– А как сейчас ваш почтенный отец себя чувствует? – спрашиваю я у доктора, разглядывая фото ветеранов войны с французскими колонизаторами, где лекарь Тхан Ван Хан, отец московского врача, стоит четвертым справа.
– Прекрасно! – говорит доктор Тай. – Ему 84 года, но он сильный и громко говорит молодым голосом. Вот только глаза все хуже видят — из-за химических ядовитых веществ, которые американцы распыляли во время войны…
– Оранжевое вещество! — уточняет переводчица по имени Линь Ти (речь идет об «Агенте Оранж», ядовитом диоксине, применяемом американской армией для уничтожения джунглей, из-за чего в ряде районов Вьетнама родились дети с генетическими отклонениями). И дает пояснение о планах по завозу трав:
– Доктор Тай хочет, чтобы наша клиника развивалась в Москве как центр восточной вьетнамской медицины. Он ведет переговоры о поставках сюда эксклюзивных вьетнамских трав и сборов, чтобы они продавались даже в аптеках. Но пока идет только проработка насчет таможни, насчет юрисдикции, необходимых разрешений и регистраций…
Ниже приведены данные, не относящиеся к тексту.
(* Let $\mathcal{C}$ be the full subcategory of $\mathrm{Aff}_{C^\infty}$ of connected objects that have a point, and let $T=\mathrm{Spec}(\mathbb{R}[\epsilon])$ where $\mathbb{R}[\epsilon]=\mathbb{R}[y]/(y^2)$. For any object $X$ of $\mathcal{C}$, the product $X\times T$ computed in $\mathrm{Aff}_{C^\infty}$ is also an object of $\mathcal{C}$.
   Context: A $C^\infty$-ring is a model of the algebraic theory whose $n$-ary operations are the smooth functions $\mathbb{R}^n\to\mathbb{R}$. $\mathrm{Aff}_{C^\infty}$ is the opposite of the category of finitely generated $C^\infty$-rings, and $\mathrm{Spec}\,A$ denotes $A$ regarded as an object there (products in $\mathrm{Aff}_{C^\infty}$ are coproducts of $C^\infty$-rings). An object $\mathrm{Spec}\,A$ is connected if $A$ has exactly two idempotents (equivalently, exactly two complemented subobjects in the extensive category $\mathrm{Aff}_{C^\infty}$), and has a point if there is a $C^\infty$-ring homomorphism $A\to\mathbb{R}$. $\mathbb{R}[\epsilon]$ is a Weil algebra with its canonical $C^\infty$-ring structure. *)

theory Defs
  imports "HOL-Analysis.Analysis"
begin

text \<open>A point of R^n is represented as a function nat => real of which only the
coordinates 0..n-1 matter; an n-ary function is a function (nat => real) => real
that depends only on the first n coordinates.\<close>

definition depends_on_first :: "nat \<Rightarrow> ((nat \<Rightarrow> real) \<Rightarrow> 'b) \<Rightarrow> bool" where
  "depends_on_first n f \<longleftrightarrow> (\<forall>x y. (\<forall>i<n. x i = y i) \<longrightarrow> f x = f y)"

definition partial :: "nat \<Rightarrow> ((nat \<Rightarrow> real) \<Rightarrow> real) \<Rightarrow> ((nat \<Rightarrow> real) \<Rightarrow> real)" where
  "partial i f = (\<lambda>x. deriv (\<lambda>t. f (x(i := t))) (x i))"

fun iter_partial :: "nat list \<Rightarrow> ((nat \<Rightarrow> real) \<Rightarrow> real) \<Rightarrow> ((nat \<Rightarrow> real) \<Rightarrow> real)" where
  "iter_partial [] f = f"
| "iter_partial (i # ds) f = partial i (iter_partial ds f)"

definition cont_n :: "nat \<Rightarrow> ((nat \<Rightarrow> real) \<Rightarrow> real) \<Rightarrow> bool" where
  "cont_n n h \<longleftrightarrow> (\<forall>x. \<forall>e>0. \<exists>d>0. \<forall>y. (\<forall>i<n. \<bar>y i - x i\<bar> < d) \<longrightarrow> \<bar>h y - h x\<bar> < e)"
lemma independent_point_basis: "cvs.independent (point_basis::('z::finite \<Rightarrow> complex) set)"
  unfolding cvs.independent_explicit_module
proof (intro allI impI)
  fix T u and v :: "'z \<Rightarrow> complex"
  assume "finite T" and T: "T \<subseteq> point_basis" and comb: "(\<Sum>v\<in>T. cscale (u v) v) = 0" and v: "v \<in> T"
  obtain a where a: "v = (\<lambda>z. if z = a then 1 else 0)" using T v by (auto simp: point_basis_def)
  have "cscale (u v') v' a = (if v' = v then u v else 0)" if v': "v' \<in> T" for v'
  proof -
    obtain b where b: "v' = (\<lambda>z. if z = b then 1 else 0)" using T v' by (auto simp: point_basis_def)
    have "v' = v \<longleftrightarrow> b = a" unfolding a b by (metis zero_neq_one)
    then show ?thesis using a b by (auto simp: cscale_def)
  qed
  then have "(\<Sum>v\<in>T. cscale (u v) v) a = (\<Sum>v'\<in>T. if v' = v then u v else 0)"
    unfolding sum_apply by (rule sum.cong[OF refl])
  with comb v \<open>finite T\<close> show "u v = 0" by simp
qed

interpretation cvs: finite_dimensional_vector_space cscale "point_basis::('z::finite \<Rightarrow> complex) set"
proof
  show "finite (point_basis::('z \<Rightarrow> complex) set)" by (simp add: point_basis_def)
qed (simp_all add: span_point_basis independent_point_basis)

interpretation cvs: finite_dimensional_vector_space_pair_1 cscale
    "point_basis::('z::finite \<Rightarrow> complex) set" cscale
  by unfold_locales

lemma mult_cscale: "t * cscale c g = cscale c (t * g)"
  by (simp add: cscale_def fun_eq_iff)

lemma trq_sym: "trq f g = trq g f"
  by (simp add: trq_def mult.commute)

lemma trq_add_left: "trq (f + g) h = trq f h + trq g h"
  and trq_add_right: "trq h (f + g) = trq h f + trq h g"
  and trq_diff_left: "trq (f - g) h = trq f h - trq g h"
  and trq_diff_right: "trq h (f - g) = trq h f - trq h g"
  and trq_scale_left: "trq (cscale c f) h = c * trq f h"
  and trq_scale_right: "trq h (cscale c f) = c * trq h f"
  by (simp_all add: trq_def cscale_def algebra_simps sum.distrib sum_subtractf sum_distrib_left)

lemma trq_zero_left [simp]: "trq 0 h = 0"
  and trq_zero_right [simp]: "trq h 0 = 0"
  by (simp_all add: trq_def)

lemma trq_sum_left: "trq (sum F A) h = (\<Sum>a\<in>A. trq (F a) h)"
  by (simp add: trq_def sum_apply sum_distrib_right sum.swap[of _ A])

lemma trq_mult_left: "trq (t * f) g = trq f (t * g)"
  by (simp add: trq_def algebra_simps)

lemma trq_nondegenerate: assumes "\<And>g. trq f g = 0" shows "f = 0"
proof
  fix a
  have "trq f (\<lambda>z. if z = a then 1 else 0) = f a"
    by (simp add: trq_def if_distrib cong: if_cong)
  then show "f a = 0 a" using assms by simp
qed

lemma trq_span_right:
  assumes "\<And>b. b \<in> S \<Longrightarrow> trq f b = 0" and "g \<in> cvs.span S"
  shows "trq f g = 0"
  using assms(2)
proof (induction rule: cvs.span_induct)
  case base
  show ?case unfolding cvs.subspace_def by (auto simp: trq_add_right trq_scale_right)
qed (use assms(1) in simp)

lemma qperp_subspace: "cvs.subspace (qperp S)"
  unfolding cvs.subspace_def qperp_def by (auto simp: trq_add_left trq_scale_left)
Опять насчет вьетнамской войны и мотиваций
Вьетнамский доктор Тхан Ван (Дык) Тай, родившийся в 1964 году в Ханое, мог бы – поверни судьба по-иному – и не сидеть сейчас в своей московской клинике в халате врача. В мае 1972-го, когда ему было всего восемь лет, весь его класс из 42-х учеников при бомбежке Ханоя «похоронила» — в прямом смысле этого слова — бомба с американского самолета-бомбардировщика B-52 (Boeing-52 Stratofortress – Стратосферная крепость). «Три года я жил и учился под землей. Как в метро», — говорит про детство доктор Тай. Когда майский бомбовый удар 1972-го года обвалил потолок подземного убежища, где занимался класс, соседи-вьетнамцы выкопали из земляной могилы 39 маленьких трупов и трех живых учеников.
– Когда люди нас вытаскивали, они думали: все умерли, — улыбается доктор Тай. — Но я вдруг открыл глаза! Сам этого не помню, очнулся в больнице…
– Хорошо, что выжили! Жалко товарищей-то было?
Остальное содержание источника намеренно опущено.